Google "gradient index optics" for information on this topic.

-----Original Message-----
From: Phys-l [mailto:phys-l-bounces@phys-l.org] On Behalf Of Carl Mungan
Sent: Tuesday, April 08, 2014 1:44 PM
To: phys-l@phys-l.org
Subject: [Phys-L] highway mirage

There seems to be a problem with typical textbook discussions of the
highway mirage of a pool of water appearing on a hot road. If the index n
monotonically decreases as we drop in altitude toward a hot road, shouldn't
a ray of light from the sky bend toward 90 degrees (so that it is traveling
parallel to the road)? What bends it upward?

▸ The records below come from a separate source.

lemma km_policy_separable_on_cell:
  fixes x :: "nat \<Rightarrow> real"
  assumes "K \<ge> 1" "0 \<le> x 1" "\<forall>k\<in>{1..<K}. x k \<le> x (Suc k)" "x K \<le> 1"
    and "k \<le> K" "q \<le> 1"
  shows "\<exists>P :: (nat \<Rightarrow> real) \<times> real \<Rightarrow> real.
           continuous_on (pw_dom k) P \<and> P ` pw_dom k \<subseteq> {0..1} \<and>
           (\<forall>M. is_demand_dist M \<longrightarrow>
              (\<forall>z. xb K x k \<le> z \<and> z < xb K x (Suc k) \<longrightarrow>
                 measure (PiM (dem_idx K nn) (\<lambda>_. M))
                   {D \<in> space (PiM (dem_idx K nn) (\<lambda>_. M)). km_policy q (observations K x nn D) \<le> z}
                 = P (\<lambda>j. if j \<in> {1..k} then cdf_of M (x j) else 0, cdf_of M z)))"
proof -
  \<comment> \<open>The clamp does not affect the identity, whose left side is a probability, but is needed on
     pw_dom, whose points need not be ordered like values of a CDF.\<close>
  define P where "P p = max 0 (min 1 (cell_poly k (dem_idx K nn) (km_event_patterns K x nn k q) p))" for p
  have "continuous_on (pw_dom k) P"
    unfolding P_def by (intro continuous_intros continuous_on_cell_poly)
  moreover have "P ` pw_dom k \<subseteq> {0..1}" by (auto simp: P_def)
  moreover have "measure (PiM (dem_idx K nn) (\<lambda>_. M))
      {D \<in> space (PiM (dem_idx K nn) (\<lambda>_. M)). km_policy q (observations K x nn D) \<le> z}
      = P (\<lambda>j. if j \<in> {1..k} then cdf_of M (x j) else 0, cdf_of M z)"
    if M: "is_demand_dist M" and z: "xb K x k \<le> z" "z < xb K x (Suc k)" for M z
  proof -
    interpret cell_partition K x k z
      using xb_mono[OF assms(1-4)] assms(5) z by unfold_locales auto
    have "prob_space (PiM (dem_idx K nn) (\<lambda>_. M))"
      using M by (intro prob_space_PiM) (simp add: is_demand_dist_def)
    then have "measure (PiM (dem_idx K nn) (\<lambda>_. M))
        {D \<in> space (PiM (dem_idx K nn) (\<lambda>_. M)). km_policy q (observations K x nn D) \<le> z} \<le> 1"
      by (rule prob_space.prob_le_1)
    moreover have "0 \<le> measure (PiM (dem_idx K nn) (\<lambda>_. M))
        {D \<in> space (PiM (dem_idx K nn) (\<lambda>_. M)). km_policy q (observations K x nn D) \<le> z}"
      by (rule measure_nonneg)
    ultimately show ?thesis
      unfolding measure_km_policy_le[OF M \<open>q \<le> 1\<close>] by (simp add: P_def)
  qed
  ultimately show ?thesis by blast
qed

One fix I have heard of is to say that once the ray gets close to being
horizontal, it reaches the critical angle and totally internally reflects off the
warmer layer of air below it.

Sounds good at first, but that explanation seems as flawed as the textbook
discussions on closer thought. The equation for critical angle is ArcSin[n2/n1].
If n2 = n1-dn, then the critical angle approaches 90 degrees as dn -> 0 for a
continuous function. There is no single well-defined critical angle unless you
have layers of air with steps in the index between them.

So who has a better fix? I suppose we could get small discontinuous steps
due to fluctuations.

Or perhaps one could say that even before it reaches the critical angle, more
and more of the light begins to reflect as the angle approaches 90 degrees.
Again this sounds reasonable, but I'd like to see it quantitatively checked
before I accept it. It should be experimentally testable, because it suggests
that a single incident ray will gradually reflect into a fan of rays.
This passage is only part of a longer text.